'''

lemma M_bounded_Ck_imp_pseudocompact:
  assumes M: "M_bounded_Ck X"
  shows "pseudocompact X"
proof (rule ccontr)
  assume "\<not> pseudocompact X"
  then obtain h0 where h0: "continuous_map X euclideanreal h0"
    and unbounded: "\<And>B. \<exists>x\<in>topspace X. B < \<bar>h0 x\<bar>"
    unfolding pseudocompact_def by (meson not_le)
  define h where "h x = \<bar>h0 x\<bar>" for x
  have h: "continuous_map X euclideanreal h"
    unfolding h_def using h0 by (rule continuous_map_real_abs)
  have h_unbounded: "\<exists>x\<in>topspace X. B < h x" for B
    unfolding h_def by (rule unbounded)
  obtain p where p: "\<And>k. p k \<in> topspace X" and p_large: "\<And>k. 2 * real k \<le> h (p k)"
    and p_sep: "\<And>j k. j < k \<Longrightarrow> h (p j) + 2 \<le> h (p k)"
    by (fact unbounded_separated_sequence[OF h_unbounded])
  \<comment> \<open>Tents of height 1 around the values h (p k), which are 2 apart.\<close>
  define \<phi> where "\<phi> k y = (if y \<in> topspace X then max 0 (1 - \<bar>h y - h (p k)\<bar>) else 0)" for k y
  have \<phi>_Cfun: "\<phi> k \<in> Cfun X" for k
    unfolding \<phi>_def using h by (rule Cfun_tent)
  have \<phi>_nonzero: "\<bar>h y - h (p k)\<bar> < 1" if "\<phi> k y \<noteq> 0" for k y
    using that by (auto simp: \<phi>_def split: if_splits)
  obtain A where A: "\<And>n. finite (A n)"
    and cover: "\<And>f. f \<in> Cfun X \<Longrightarrow> \<exists>n. \<exists>a\<in>A n. \<forall>x\<in>{p n}. \<bar>f x - a x\<bar> < 1"
    using M_bounded_Ck_basic_cover[OF M, of "\<lambda>n. {p n}" "\<lambda>_. 1"] p by auto
  define s where "s n = 1 + (\<Sum>a\<in>A n. \<bar>a (p n)\<bar>)" for n
  have "\<exists>f\<in>Cfun X. \<forall>k. f (p k) = s k"
  proof (rule Cfun_sum_bumps)
    show "\<phi> k \<in> Cfun X" "\<phi> k (p k) = 1" for k
      using \<phi>_Cfun p by (simp_all add: \<phi>_def)
    show "j = k" if "\<phi> j y \<noteq> 0" "\<phi> k y \<noteq> 0" for j k y
      using \<phi>_nonzero[OF that(1)] \<phi>_nonzero[OF that(2)] p_sep[of j k] p_sep[of k j]
      by (cases j k rule: linorder_cases) auto
    fix x and \<delta> :: real assume "x \<in> topspace X" "\<delta> > 0"
    \<comment> \<open>Near x the function h stays below h x + 1, which only finitely many h (p k) come close to.\<close>
    let ?W = "{y \<in> topspace X. h y \<in> {..<h x + 1}}"
    have "\<phi> k y = 0" if "k \<notin> {..nat \<lceil>h x\<rceil> + 1}" "y \<in> ?W" for k y
    proof -
      from that(1) have "real (nat \<lceil>h x\<rceil> + 1) < real k"
        by simp
      then have "h x + 1 < real k"
        using real_nat_ceiling_ge[of "h x"] by linarith
      then have "1 \<le> \<bar>h y - h (p k)\<bar>"
        using p_large[of k] that(2) by (auto simp: h_def)
      then show ?thesis
        using \<phi>_nonzero by force
    qed
    moreover have "openin X ?W"
      using h by (intro openin_continuous_map_preimage) auto
    ultimately show "\<exists>W F. openin X W \<and> x \<in> W \<and> finite F \<and>
        (\<forall>k. k \<notin> F \<longrightarrow> (\<forall>z\<in>W. \<bar>s k * \<phi> k z\<bar> < \<delta>))"
      using \<open>x \<in> topspace X\<close> \<open>\<delta> > 0\<close> by (intro exI[of _ ?W] exI[of _ "{..nat \<lceil>h x\<rceil> + 1}"]) auto
  qed
  then obtain f where "f \<in> Cfun X" and f: "\<And>k. f (p k) = s k"
    by blast
  then obtain n a where "a \<in> A n" and "\<bar>s n - a (p n)\<bar> < 1"
    using cover f by fastforce
  moreover have "\<bar>a (p n)\<bar> \<le> (\<Sum>a\<in>A n. \<bar>a (p n)\<bar>)"
    using A \<open>a \<in> A n\<close> by (intro member_le_sum) auto
  ultimately show False
    by (simp add: s_def)
qed

lemma finite_large_values_prod_encode:
  fixes s :: "nat \<Rightarrow> real" and m :: "nat \<Rightarrow> nat"
  assumes "\<And>n i. m n \<le> i \<Longrightarrow> s (prod_encode (n, i)) = 0"
    and "\<And>n i. \<bar>s (prod_encode (n, i))\<bar> \<le> 2 / real (Suc n)"
    and "\<delta> > 0"
  shows "finite {k. \<delta> \<le> \<bar>s k\<bar>}"
proof (rule finite_subset)
  define N where "N = nat \<lceil>2 / \<delta>\<rceil>"
  show "finite (prod_encode ` (SIGMA n:{..N}. {..<m n}))"
    by auto
  show "{k. \<delta> \<le> \<bar>s k\<bar>} \<subseteq> prod_encode ` (SIGMA n:{..N}. {..<m n})"
  proof
    fix k assume k: "k \<in> {k. \<delta> \<le> \<bar>s k\<bar>}"
    obtain n i where ni: "k = prod_encode (n, i)"
      by (metis prod_decode_inverse surj_pair)
    have "i < m n"
      using k assms(1)[of n i] \<open>\<delta> > 0\<close> by (force simp: ni)
    moreover have "n \<le> N"
    proof -
      have "\<delta> \<le> 2 / real (Suc n)"
        using k assms(2)[of n i] by (simp add: ni)
      then have "real (Suc n) \<le> 2 / \<delta>"
        using \<open>\<delta> > 0\<close> by (simp add: field_simps)
      then show ?thesis
        unfolding N_def by linarith
    qed
    ultimately show "k \<in> prod_encode ` (SIGMA n:{..N}. {..<m n})"
      using ni by blast
  qed
qed

lemma derived_set_of_separate:
  assumes "Hausdorff_space X" "p \<in> X derived_set_of K" "openin X W" "p \<in> W"
  obtains x V W' where "x \<in> K" "x \<in> V" "openin X V" "V \<subseteq> W"
    "openin X W'" "p \<in> W'" "W' \<subseteq> W" "disjnt V W'"
proof -
  obtain x where x: "x \<in> K" "x \<in> W" "x \<noteq> p"
    using assms(2-4) unfolding derived_set_of_def by blast
  moreover have "x \<in> topspace X" "p \<in> topspace X"
    using assms(3) x(2) \<open>p \<in> W\<close> openin_subset by auto
  ultimately obtain V1 W1 where "openin X V1" "openin X W1" "x \<in> V1" "p \<in> W1" "disjnt V1 W1"
    using assms(1) unfolding Hausdorff_space_def by metis
  then show ?thesis
    using that[of x "V1 \<inter> W" "W1 \<inter> W"] assms(3,4) x by (auto simp: disjnt_def)
qed

lemma disjoint_family_if_nested:
  assumes "\<And>n. disjnt (V n) (W n)" "\<And>n. V (Suc n) \<subseteq> W n" "\<And>n. W (Suc n) \<subseteq> W n"
  shows "disjoint_family V"
proof -
  have W_anti: "W k \<subseteq> W j" if "j \<le> k" for j k
    using that
  proof (induction k rule: dec_induct)
    case (step k)
    then show ?case
      using assms(3)[of k] by blast
  qed simp
  have "disjnt (V j) (V k)" if "j < k" for j k
  proof -
    obtain m where "k = Suc m" "j \<le> m"
      using \<open>j < k\<close> by (metis less_Suc_eq_le less_imp_Suc_add)
    then have "V k \<subseteq> W j"
      using assms(2)[of m] W_anti[of j m] by blast
    then show ?thesis
      using assms(1)[of j] by (auto simp: disjnt_def)
  qed
  then show ?thesis
    unfolding disjoint_family_on_def disjnt_def by (metis Int_commute linorder_neqE_nat)
qed

lemma derived_set_of_disjoint_open_sequence:
  assumes "Hausdorff_space X" "p \<in> X derived_set_of K"
  obtains x :: "nat \<Rightarrow> 'a" and V :: "nat \<Rightarrow> 'a set"
  where "\<And>k. x k \<in> K" "\<And>k. x k \<in> V k" "\<And>k. openin X (V k)" "disjoint_family V"
proof -
  \<comment> \<open>Each step shrinks the open neighbourhood W of p that is kept clear of all earlier sets V.\<close>
  define P where "P n VW \<longleftrightarrow> (case VW of (V, W) \<Rightarrow>
      V \<inter> K \<noteq> {} \<and> openin X V \<and> openin X W \<and> p \<in> W \<and> disjnt V W)" for n :: nat and VW
  define Q where "Q n VW VW' \<longleftrightarrow> fst VW' \<subseteq> snd VW \<and> snd VW' \<subseteq> snd VW"
    for n :: nat and VW VW' :: "'a set \<times> 'a set"
  have split: "\<exists>VW'. P n VW' \<and> fst VW' \<subseteq> W \<and> snd VW' \<subseteq> W" if W: "openin X W" "p \<in> W" for n W
  proof -
    obtain x V W' where "x \<in> K" "x \<in> V" "openin X V" "V \<subseteq> W" "openin X W'" "p \<in> W'" "W' \<subseteq> W"
      "disjnt V W'"
      using derived_set_of_separate[OF assms W] .
    then have "P n (V, W') \<and> fst (V, W') \<subseteq> W \<and> snd (V, W') \<subseteq> W"
      unfolding P_def by auto
    then show ?thesis ..
  qed
  have "p \<in> topspace X"
    using assms(2) by (simp add: derived_set_of_def)
  then have "\<exists>VW. P 0 VW"
    using split[of "topspace X" 0] by blast
  moreover have "\<exists>VW'. P (Suc n) VW' \<and> Q n VW VW'" if "P n VW" for n VW
    using that split[of "snd VW" "Suc n"] unfolding P_def Q_def by (auto split: prod.splits)
  ultimately obtain VW where P: "\<And>n. P n (VW n)" and Q: "\<And>n. Q n (VW n) (VW (Suc n))"
    using dependent_nat_choice[of P Q] by blast
  define V where "V n = fst (VW n)" for n
  define W where "W n = snd (VW n)" for n
  have PV: "V n \<inter> K \<noteq> {}" "openin X (V n)" "disjnt (V n) (W n)" for n
    using P[of n] by (auto simp: P_def V_def W_def split: prod.splits)
  have "disjoint_family V"
    using PV(3) Q by (intro disjoint_family_if_nested[of V W]) (simp_all add: Q_def V_def W_def)
  moreover have "\<forall>k. \<exists>y. y \<in> V k \<inter> K"
    using PV(1) by blast
  then obtain x where "\<forall>k. x k \<in> V k \<inter> K"
    by metis
  ultimately show ?thesis
    using that[of x V] PV(2) by blast
qed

'''

Task statement:
Please give an exact restatement of only the lines from the beginning of the material above to the line with "unfolding h_def by (rule unbounded)", inclusive.

Task answer:
lemma M_bounded_Ck_imp_pseudocompact:
  assumes M: "M_bounded_Ck X"
  shows "pseudocompact X"
proof (rule ccontr)
  assume "\<not> pseudocompact X"
  then obtain h0 where h0: "continuous_map X euclideanreal h0"
    and unbounded: "\<And>B. \<exists>x\<in>topspace X. B < \<bar>h0 x\<bar>"
    unfolding pseudocompact_def by (meson not_le)
  define h where "h x = \<bar>h0 x\<bar>" for x
  have h: "continuous_map X euclideanreal h"
    unfolding h_def using h0 by (rule continuous_map_real_abs)
  have h_unbounded: "\<exists>x\<in>topspace X. B < h x" for B
    unfolding h_def by (rule unbounded)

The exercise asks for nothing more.